Ep.5 価値観が合わない

「えっ、そうなの?」


 美伊子がこちら側に来て「あっ、本当だっ!」と鼻息を荒げて声を出す。ついでに古堂さんを舐めるように見回していた。

 女子高生からの視線に恥ずかしがる古堂さん。素早くスパリと右手をポケットから抜いて「これでいいかな」とてのひらに巻いてある包帯を見せつけてきた。白い包帯に滲み出る紅色の液体は血で間違いがない。縦の形に細い傷があるのか、血が上から下に引いた線になっていた。綺麗と言ってしまうと失礼か。

 そんな怪我のことを僕達が気にするものだから、古堂さんは怪我の経緯を口にし始めた。


「いやね。一度帰ったんだけどね。買った美術品を部屋に飾ろうとしてたら、つい、違うものを割っちゃって」


 彼が骨董品を割った状況を想像して、何だか大変なことが起きたように思ってしまった。彼は平然と話しているけれど、とんでもないことをしたのではないか……? ふと、確かめたくなってしまった。


「割ったって、それ高額なものじゃないんでしょうね……」

「いや、まだ数万の損失で済んだがね。損害保険に入ってて良かったよ」

「そ、そうなんですか。質問、すみません。次、進めてください」


 この人の場合、自分達と巧く価値観が合わない。一万二万の金が消えたところで、慌てることもないと考えていそうだ。

 こちとら、金で死ぬ程悩んでいると言うのに。


「で、その破片で手を切っちゃったって訳だから。別にこの事件とは関係がないんだよ」


 そんな古堂さんに「そう?」と言って美伊子は疑問を告げていた。


「でも娘さんのハンカチで拭かなきゃいけないって、相当慌てたことがあったんじゃないですか?」

「い、いや、このハンカチは娘が怪我した時に使ってって言われてね。自分結構怪我をしやすい体質でね。足とか生傷とかが絶えないんだよね」

「そうなんですか。傷ねぇ」

 

 そうだ。傷と言えば、事件に関係のある証拠があった。彼にこの事実を突き付けて、情報を提供してもらわなければ。

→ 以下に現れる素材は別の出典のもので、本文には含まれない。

(* For proposition letters $p,o,r,q$, the formula $\mathcal{K}hm(p,o,r)\wedge\mathcal{K}hm(r,o,q)\wedge\mathcal{U}(r\to o)\to\mathcal{K}hm(p,o,q)$ is valid, i.e., true at every state of every model.
   Context: Fix a countable set of proposition letters $\mathbf{P}$ and a countable non-empty set of action symbols $\Sigma$. Formulas: $\phi ::= p \mid \neg\phi \mid (\phi\wedge\phi) \mid \mathcal{K}hm(\phi,\phi,\phi)$; $\top,\bot,\to$ as usual; $\mathcal{U}\phi$ abbreviates $\mathcal{K}hm(\neg\phi,\top,\bot)$. A model is $(S,\mathcal{R},\mathcal{V})$ with $S\neq\emptyset$, $\mathcal{R}:\Sigma\to 2^{S\times S}$, $\mathcal{V}:S\to 2^{\mathbf{P}}$. For $\sigma=a_1\cdots a_n\in\Sigma^*$, $s\xrightarrow{\sigma}t$ means there is a path $s\xrightarrow{a_1}\cdots\xrightarrow{a_n}t$ ($s\xrightarrow{\epsilon}s$ for the empty sequence); $\sigma_k=a_1\cdots a_k$, $\sigma_0=\epsilon$. $\sigma$ is strongly $\chi$-executable at $s'$ if for each $0\le k<n$, every $t$ with $s'\xrightarrow{\sigma_k}t$ has an $a_{k+1}$-successor, and every $t$ with $s'\xrightarrow{\sigma_k}t$ for $0<k<n$ satisfies $\chi$. $\mathcal{M},s\vDash\mathcal{K}hm(\psi,\chi,\phi)$ iff there is $\sigma\in\Sigma^*$ such that for every $s'$ with $\mathcal{M},s'\vDash\psi$, $\sigma$ is strongly $\chi$-executable at $s'$ and $\mathcal{M},t\vDash\phi$ for all $t$ with $s'\xrightarrow{\sigma}t$; atoms and Booleans are interpreted as usual ($\mathcal{M},s\vDash p$ iff $p\in\mathcal{V}(s)$). Consequently $\mathcal{M},s\vDash\mathcal{U}\phi$ iff $\phi$ holds at all states of $\mathcal{M}$. *)

theory Defs
  imports Main "HOL-Library.Countable"
begin

datatype 'p form =
    Prop 'p
  | Neg "'p form"
  | Conj "'p form" "'p form"
  | Khm "'p form" "'p form" "'p form"

text \<open>Derived connectives. Top is any tautology; we use a fixed (arbitrary) letter.\<close>
definition Top :: "'p form" where
  "Top = Neg (Conj (Prop undefined) (Neg (Prop undefined)))"
definition Bot :: "'p form" where "Bot = Neg Top"
definition Disj :: "'p form \<Rightarrow> 'p form \<Rightarrow> 'p form" where
  "Disj a b = Neg (Conj (Neg a) (Neg b))"
definition Imp :: "'p form \<Rightarrow> 'p form \<Rightarrow> 'p form" where
  "Imp a b = Neg (Conj a (Neg b))"
definition Univ :: "'p form \<Rightarrow> 'p form" where
  "Univ a = Khm (Neg a) Top Bot"

record ('s, 'a, 'p) model =
  St :: "'s set"
  Rel :: "'a \<Rightarrow> ('s \<times> 's) set"
  Val :: "'s \<Rightarrow> 'p set"

definition is_model :: "('s, 'a, 'p) model \<Rightarrow> bool" where
  "is_model M \<longleftrightarrow> St M \<noteq> {} \<and> (\<forall>a. Rel M a \<subseteq> St M \<times> St M)"

fun reach :: "('s, 'a, 'p) model \<Rightarrow> 'a list \<Rightarrow> 's \<Rightarrow> 's \<Rightarrow> bool" where
  "reach M [] s t \<longleftrightarrow> s = t"
| "reach M (a # \<sigma>) s t \<longleftrightarrow> (\<exists>u. (s, u) \<in> Rel M a \<and> reach M \<sigma> u t)"

text \<open>sigma strongly chi-executable at s' (chi given as the set of states satisfying it).\<close>
definition strongly_exec :: "('s, 'a, 'p) model \<Rightarrow> 's set \<Rightarrow> 'a list \<Rightarrow> 's \<Rightarrow> bool" where
  "strongly_exec M X \<sigma> s' \<longleftrightarrow>
     (\<forall>k < length \<sigma>. \<forall>t. reach M (take k \<sigma>) s' t \<longrightarrow>
        (\<exists>u. (t, u) \<in> Rel M (\<sigma> ! k)) \<and> (0 < k \<longrightarrow> t \<in> X))"

fun sat :: "('s, 'a, 'p) model \<Rightarrow> 's \<Rightarrow> 'p form \<Rightarrow> bool" where
  "sat M s (Prop p) \<longleftrightarrow> p \<in> Val M s"
| "sat M s (Neg \<phi>) \<longleftrightarrow> \<not> sat M s \<phi>"
| "sat M s (Conj \<phi> \<psi>) \<longleftrightarrow> sat M s \<phi> \<and> sat M s \<psi>"
| "sat M s (Khm \<psi> \<chi> \<phi>) \<longleftrightarrow>
     (\<exists>\<sigma>::'a list. \<forall>s' \<in> St M. sat M s' \<psi> \<longrightarrow>
        strongly_exec M {t \<in> St M. sat M t \<chi>} \<sigma> s' \<and>
        (\<forall>t. reach M \<sigma> s' t \<longrightarrow> sat M t \<phi>))"

end

theory Submission
  imports Defs
begin

text \<open>If \<open>\<sigma>\<^sub>1\<close> is a strongly \<open>\<chi>\<close>-executable plan from \<open>p\<close> to \<open>r\<close> and \<open>\<sigma>\<^sub>2\<close> one from \<open>r\<close>
  to \<open>q\<close>, then \<open>\<sigma>\<^sub>1 \<sigma>\<^sub>2\<close> is one from \<open>p\<close> to \<open>q\<close>: the only new intermediate states are the
  endpoints of \<open>\<sigma>\<^sub>1\<close>, which satisfy \<open>r\<close> and hence \<open>\<chi>\<close> because \<open>\<U>(r \<rightarrow> \<chi>)\<close> holds.\<close>

lemma reach_append:
  "reach M (\<sigma>\<^sub>1 @ \<sigma>\<^sub>2) s t \<longleftrightarrow> (\<exists>u. reach M \<sigma>\<^sub>1 s u \<and> reach M \<sigma>\<^sub>2 u t)"
  by (induction \<sigma>\<^sub>1 arbitrary: s) auto

lemma reach_in_St:
  assumes "is_model M" "s \<in> St M" "reach M \<sigma> s t"
  shows "t \<in> St M"
  using assms(2,3) by (induction \<sigma> arbitrary: s) (use assms(1) in \<open>auto simp: is_model_def\<close>)

lemma strongly_exec_reach_take:
  assumes "strongly_exec M X \<sigma> s" "k \<le> length \<sigma>"
  shows "\<exists>t. reach M (take k \<sigma>) s t"
  using assms(2)
proof (induction k)
  case 0
  then show ?case by simp
next
  case (Suc k)
  then obtain t where t: "reach M (take k \<sigma>) s t" by auto
  have k: "k < length \<sigma>" using Suc.prems by simp
  then obtain u where "(t, u) \<in> Rel M (\<sigma> ! k)"
    using assms(1) t unfolding strongly_exec_def by blast
  with t k show ?case by (auto simp: take_Suc_conv_app_nth reach_append)
qed

lemma strongly_exec_reach: "strongly_exec M X \<sigma> s \<Longrightarrow> \<exists>t. reach M \<sigma> s t"
  using strongly_exec_reach_take[of M X \<sigma> s "length \<sigma>"] by simp

lemma strongly_exec_append:
  assumes exec\<^sub>1: "strongly_exec M X \<sigma>\<^sub>1 s"
    and exec\<^sub>2: "\<And>u. reach M \<sigma>\<^sub>1 s u \<Longrightarrow> u \<in> X \<and> strongly_exec M X \<sigma>\<^sub>2 u"
  shows "strongly_exec M X (\<sigma>\<^sub>1 @ \<sigma>\<^sub>2) s"
  unfolding strongly_exec_def
proof (intro allI impI)
  fix k t
  assume k: "k < length (\<sigma>\<^sub>1 @ \<sigma>\<^sub>2)" and t: "reach M (take k (\<sigma>\<^sub>1 @ \<sigma>\<^sub>2)) s t"
  show "(\<exists>v. (t, v) \<in> Rel M ((\<sigma>\<^sub>1 @ \<sigma>\<^sub>2) ! k)) \<and> (0 < k \<longrightarrow> t \<in> X)"
  proof (cases "k < length \<sigma>\<^sub>1")
    case True
    with exec\<^sub>1 t show ?thesis unfolding strongly_exec_def by (auto simp: nth_append)
  next
    case False
    define j where "j = k - length \<sigma>\<^sub>1"
    have kj: "k = length \<sigma>\<^sub>1 + j" "j < length \<sigma>\<^sub>2" using False k by (auto simp: j_def)
    then obtain u where u: "reach M \<sigma>\<^sub>1 s u" and ut: "reach M (take j \<sigma>\<^sub>2) u t"
      using t by (auto simp: reach_append)
    have "u \<in> X" "strongly_exec M X \<sigma>\<^sub>2 u" using exec\<^sub>2[OF u] by auto
    with ut kj show ?thesis
      unfolding strongly_exec_def by (cases "j = 0") (auto simp: nth_append)
  qed
qed

lemma sat_Top [simp]: "sat M s Top"
  by (simp add: Top_def)

lemma sat_Bot [simp]: "\<not> sat M s Bot"
  by (simp add: Bot_def)

lemma sat_Imp [simp]: "sat M s (Imp \<phi> \<psi>) \<longleftrightarrow> (sat M s \<phi> \<longrightarrow> sat M s \<psi>)"
  by (simp add: Imp_def)

lemma sat_Univ: "sat M s (Univ \<phi>) \<longleftrightarrow> (\<forall>t \<in> St M. sat M t \<phi>)"
proof
  assume "sat M s (Univ \<phi>)"
  then obtain \<sigma> where \<sigma>: "\<forall>t \<in> St M. sat M t (Neg \<phi>) \<longrightarrow>
      strongly_exec M {t \<in> St M. sat M t Top} \<sigma> t \<and> (\<forall>u. reach M \<sigma> t u \<longrightarrow> sat M u Bot)"
    unfolding Univ_def sat.simps(4) by blast
  show "\<forall>t \<in> St M. sat M t \<phi>"
    using \<sigma> strongly_exec_reach by fastforce
next
  assume "\<forall>t \<in> St M. sat M t \<phi>"
  then show "sat M s (Univ \<phi>)"
    unfolding Univ_def sat.simps(4) by (intro exI[of _ "[]"]) (simp add: strongly_exec_def)
qed

lemma sat_Khm_trans:
  assumes M: "is_model M"
    and K\<^sub>1: "sat M s (Khm \<psi> \<chi> \<phi>)" and K\<^sub>2: "sat M s (Khm \<phi> \<chi> \<theta>)"
    and \<phi>\<chi>: "\<forall>t \<in> St M. sat M t \<phi> \<longrightarrow> sat M t \<chi>"
  shows "sat M s (Khm \<psi> \<chi> \<theta>)"
proof -
  let ?X = "{t \<in> St M. sat M t \<chi>}"
  obtain \<sigma>\<^sub>1 where \<sigma>\<^sub>1: "\<forall>s' \<in> St M. sat M s' \<psi> \<longrightarrow>
      strongly_exec M ?X \<sigma>\<^sub>1 s' \<and> (\<forall>t. reach M \<sigma>\<^sub>1 s' t \<longrightarrow> sat M t \<phi>)"
    using K\<^sub>1 by auto
  obtain \<sigma>\<^sub>2 where \<sigma>\<^sub>2: "\<forall>s' \<in> St M. sat M s' \<phi> \<longrightarrow>
      strongly_exec M ?X \<sigma>\<^sub>2 s' \<and> (\<forall>t. reach M \<sigma>\<^sub>2 s' t \<longrightarrow> sat M t \<theta>)"
    using K\<^sub>2 by auto
  have "strongly_exec M ?X (\<sigma>\<^sub>1 @ \<sigma>\<^sub>2) s' \<and> (\<forall>t. reach M (\<sigma>\<^sub>1 @ \<sigma>\<^sub>2) s' t \<longrightarrow> sat M t \<theta>)"
    if s': "s' \<in> St M" "sat M s' \<psi>" for s'
  proof -
    have mid: "u \<in> St M \<and> sat M u \<phi>" if "reach M \<sigma>\<^sub>1 s' u" for u
      using \<sigma>\<^sub>1 s' that reach_in_St[OF M s'(1)] by blast
    have "strongly_exec M ?X (\<sigma>\<^sub>1 @ \<sigma>\<^sub>2) s'"
    proof (rule strongly_exec_append)
      show "strongly_exec M ?X \<sigma>\<^sub>1 s'" using \<sigma>\<^sub>1 s' by blast
      show "u \<in> ?X \<and> strongly_exec M ?X \<sigma>\<^sub>2 u" if "reach M \<sigma>\<^sub>1 s' u" for u
        using mid[OF that] \<sigma>\<^sub>2 \<phi>\<chi> by blast
    qed
    moreover have "\<forall>t. reach M (\<sigma>\<^sub>1 @ \<sigma>\<^sub>2) s' t \<longrightarrow> sat M t \<theta>"
      using \<sigma>\<^sub>2 mid by (auto simp: reach_append)
    ultimately show ?thesis ..
  qed
  then show ?thesis unfolding sat.simps(4) by blast
qed

theorem mainTheorem4:
  fixes p o' r q :: "'p::countable"
  shows "\<forall>M :: ('s, 'a::countable, 'p) model. is_model M \<longrightarrow>
           (\<forall>s \<in> St M. sat M s
              (Imp (Conj (Conj (Khm (Prop p) (Prop o') (Prop r))
                               (Khm (Prop r) (Prop o') (Prop q)))
                         (Univ (Imp (Prop r) (Prop o'))))
                   (Khm (Prop p) (Prop o') (Prop q))))"
proof (intro allI impI ballI)
  fix M :: "('s, 'a, 'p) model" and s
  assume "is_model M"
  then show "sat M s (Imp (Conj (Conj (Khm (Prop p) (Prop o') (Prop r))
                                     (Khm (Prop r) (Prop o') (Prop q)))
                               (Univ (Imp (Prop r) (Prop o'))))
                         (Khm (Prop p) (Prop o') (Prop q)))"
    unfolding sat_Imp sat.simps(3) sat_Univ by (blast intro: sat_Khm_trans)
qed

end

「なぁ、美伊子。スマートフォンに死体の写真は撮ってあるか?」

「一応あるよ」

「じゃあ、顔のところをお願い」


 話の内容から死体のグロテスクな写真を見せつけられると思ったらしく、古堂さんは僕達から身を引いている。

 

「ちょっ、ちょっと……! 人が血だらけなのは、苦手なんだけど……!」


 美伊子が彼を逃げないよう、見てもらいたいものを細かく説明する。


「大丈夫ですよ。ただの怪我の写真ですから。そこまで死体も血に塗れてませんし」

「ああ……そうなんだ」


 大人しくスマートフォンに映っているものを見てもらう。

 小山さんの額に合った切り傷、だ。美伊子がその写真を提示している間に僕が質問を投げ掛ける。

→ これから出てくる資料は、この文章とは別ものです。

(* Every left synchronous relation and every right synchronous relation over $\Sigma$ is realized by some transducer that is zero-avoiding with bound $0$. Moreover, both inclusions are proper: there is a relation realized by a transducer that is zero-avoiding with bound $0$ (for instance $(00/0)^*=\{0^{2i}/0^i : i\in\mathbb N_0\}$) which is neither left synchronous nor right synchronous.
   Context: A transducer is a quintuple $\mathcal T=(Q,\Sigma,E,I,F)$ with finite state set $Q$, finite alphabet $\Sigma$, finite transition set $E\subseteq Q\times\{x/y : x,y\in\Sigma\cup\{\lambda\}\}\times Q$ ($\lambda$ the empty word), nonempty initial set $I\subseteq Q$, final set $F\subseteq Q$. Paths, labels (concatenation of input parts / output parts), computations (empty or starting at an initial state) and accepting computations (empty with $I\cap F\neq\emptyset$, or nonempty ending at a final state) are as usual; $R(\mathcal T)$ is the set of labels of accepting computations. For a path $P$ with label $u/v$, $d(P)=|u|-|v|$, and $d_{max}(P)=\max\{|d(Q)| : Q\text{ a prefix of }P\}$. $\mathcal T$ is zero-avoiding with bound $k$ if for every computation $P$, $d_{max}(P)>k$ implies $d(P)\neq0$. A transducer is letter-to-letter if all its labels are $\sigma/\tau$ with $\sigma,\tau\in\Sigma$. The product of relations is $R_1R_2=\{u_1u_2/v_1v_2 : u_1/v_1\in R_1,\ u_2/v_2\in R_2\}$. A relation $R\subseteq\Sigma^*\times\Sigma^*$ is left synchronous if it is a finite union of relations each of the form $S(A\times\{\lambda\})$ or $S(\{\lambda\}\times A)$, where $A\subseteq\Sigma^*$ is regular and $S$ is realized by a letter-to-letter transducer; it is right synchronous if it is a finite union of relations each of the form $(A\times\{\lambda\})S$ or $(\{\lambda\}\times A)S$ with $A,S$ as before. *)

theory Defs
  imports Main
begin

text \<open>Transitions: (source, (x, y), target), where None encodes the empty word lambda.\<close>
type_synonym ('q, 'a) edge = "'q \<times> ('a option \<times> 'a option) \<times> 'q"

record ('q, 'a) transducer =
  states :: "'q set"
  trans  :: "('q, 'a) edge set"
  init   :: "'q set"
  fin    :: "'q set"

definition transducer :: "'a set \<Rightarrow> ('q, 'a) transducer \<Rightarrow> bool" where
  "transducer \<Sigma> T \<longleftrightarrow>
     finite (states T) \<and> finite (trans T) \<and>
     (\<forall>(p, (x, y), q) \<in> trans T. p \<in> states T \<and> q \<in> states T \<and>
        set_option x \<subseteq> \<Sigma> \<and> set_option y \<subseteq> \<Sigma>) \<and>
     init T \<noteq> {} \<and> init T \<subseteq> states T \<and> fin T \<subseteq> states T"

definition letter_to_letter :: "'a set \<Rightarrow> ('q, 'a) transducer \<Rightarrow> bool" where
  "letter_to_letter \<Sigma> T \<longleftrightarrow> transducer \<Sigma> T \<and>
     (\<forall>(p, (x, y), q) \<in> trans T. x \<noteq> None \<and> y \<noteq> None)"

definition src :: "('q, 'a) edge \<Rightarrow> 'q" where "src e = fst e"
definition tgt :: "('q, 'a) edge \<Rightarrow> 'q" where "tgt e = snd (snd e)"

definition olist :: "'a option \<Rightarrow> 'a list" where
  "olist x = (case x of None \<Rightarrow> [] | Some c \<Rightarrow> [c])"

definition is_path :: "('q, 'a) transducer \<Rightarrow> ('q, 'a) edge list \<Rightarrow> bool" where
  "is_path T es \<longleftrightarrow> set es \<subseteq> trans T \<and>
     (\<forall>i. Suc i < length es \<longrightarrow> tgt (es ! i) = src (es ! Suc i))"

definition inp :: "('q, 'a) edge list \<Rightarrow> 'a list" where
  "inp es = concat (map (\<lambda>e. olist (fst (fst (snd e)))) es)"

definition outp :: "('q, 'a) edge list \<Rightarrow> 'a list" where
  "outp es = concat (map (\<lambda>e. olist (snd (fst (snd e)))) es)"

definition computation :: "('q, 'a) transducer \<Rightarrow> ('q, 'a) edge list \<Rightarrow> bool" where
  "computation T es \<longleftrightarrow> is_path T es \<and> (es = [] \<or> src (hd es) \<in> init T)"

definition accepting :: "('q, 'a) transducer \<Rightarrow> ('q, 'a) edge list \<Rightarrow> bool" where
  "accepting T es \<longleftrightarrow> computation T es \<and>
     ((es = [] \<and> init T \<inter> fin T \<noteq> {}) \<or> (es \<noteq> [] \<and> tgt (last es) \<in> fin T))"

definition rel :: "('q, 'a) transducer \<Rightarrow> ('a list \<times> 'a list) set" where
  "rel T = {(inp es, outp es) | es. accepting T es}"

definition d :: "('q, 'a) edge list \<Rightarrow> int" where
  "d es = int (length (inp es)) - int (length (outp es))"

definition dmax :: "('q, 'a) edge list \<Rightarrow> int" where
  "dmax es = Max {\<bar>d (take i es)\<bar> | i. i \<le> length es}"

definition zero_avoiding :: "('q, 'a) transducer \<Rightarrow> nat \<Rightarrow> bool" where
  "zero_avoiding T k \<longleftrightarrow>
     (\<forall>es. computation T es \<longrightarrow> dmax es > int k \<longrightarrow> d es \<noteq> 0)"

definition rel_prod :: "('a list \<times> 'a list) set \<Rightarrow> ('a list \<times> 'a list) set \<Rightarrow> ('a list \<times> 'a list) set" where
  "rel_prod R1 R2 = {(u1 @ u2, v1 @ v2) | u1 v1 u2 v2. (u1, v1) \<in> R1 \<and> (u2, v2) \<in> R2}"

fun nfa_steps :: "('s \<Rightarrow> 'a \<Rightarrow> 's set) \<Rightarrow> 's set \<Rightarrow> 'a list \<Rightarrow> 's set" where
  "nfa_steps \<delta> S [] = S"
| "nfa_steps \<delta> S (c # w) = nfa_steps \<delta> (\<Union>q\<in>S. \<delta> q c) w"

definition regular :: "'a set \<Rightarrow> 'a list set \<Rightarrow> bool" where
  "regular \<Sigma> A \<longleftrightarrow> (\<exists>(Q :: nat set) (\<delta> :: nat \<Rightarrow> 'a \<Rightarrow> nat set) I F.
     finite Q \<and> I \<subseteq> Q \<and> F \<subseteq> Q \<and> (\<forall>q\<in>Q. \<forall>c\<in>\<Sigma>. \<delta> q c \<subseteq> Q) \<and>
     A = {w. set w \<subseteq> \<Sigma> \<and> nfa_steps \<delta> I w \<inter> F \<noteq> {}})"

definition synchronous_rel :: "'a set \<Rightarrow> ('a list \<times> 'a list) set \<Rightarrow> bool" where
  "synchronous_rel \<Sigma> S \<longleftrightarrow> (\<exists>T :: (nat, 'a) transducer. letter_to_letter \<Sigma> T \<and> rel T = S)"

definition left_piece :: "'a set \<Rightarrow> ('a list \<times> 'a list) set \<Rightarrow> bool" where
  "left_piece \<Sigma> X \<longleftrightarrow> (\<exists>S A. synchronous_rel \<Sigma> S \<and> regular \<Sigma> A \<and>
     (X = rel_prod S (A \<times> {[]}) \<or> X = rel_prod S ({[]} \<times> A)))"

「この怪我って、犯人と格闘してできたものなんでしょうか? それとも、元々あった傷なのでしょうか? たぶん、貴方が一番最後に会った人だと思いますし。貴方が見ているか、見ていないかでだいぶ話が変わってきます」


 この長文を言い切った後、少しドギマギしてしまった。僕はまた、探偵みたいなことを口にしてしまった。何と偉そうに。

 今の疑問で古堂さんが変なことを言ってしまったら、どうしようかとも思っていた。もし犯人と決めつけられる発言をしたら。彼を捕まえることができる。しかし、それで幸せか。

 彼には娘がいるし、妻もいることであろう。彼の人生を滅茶苦茶にするかもしれない。本当に良いことか、と。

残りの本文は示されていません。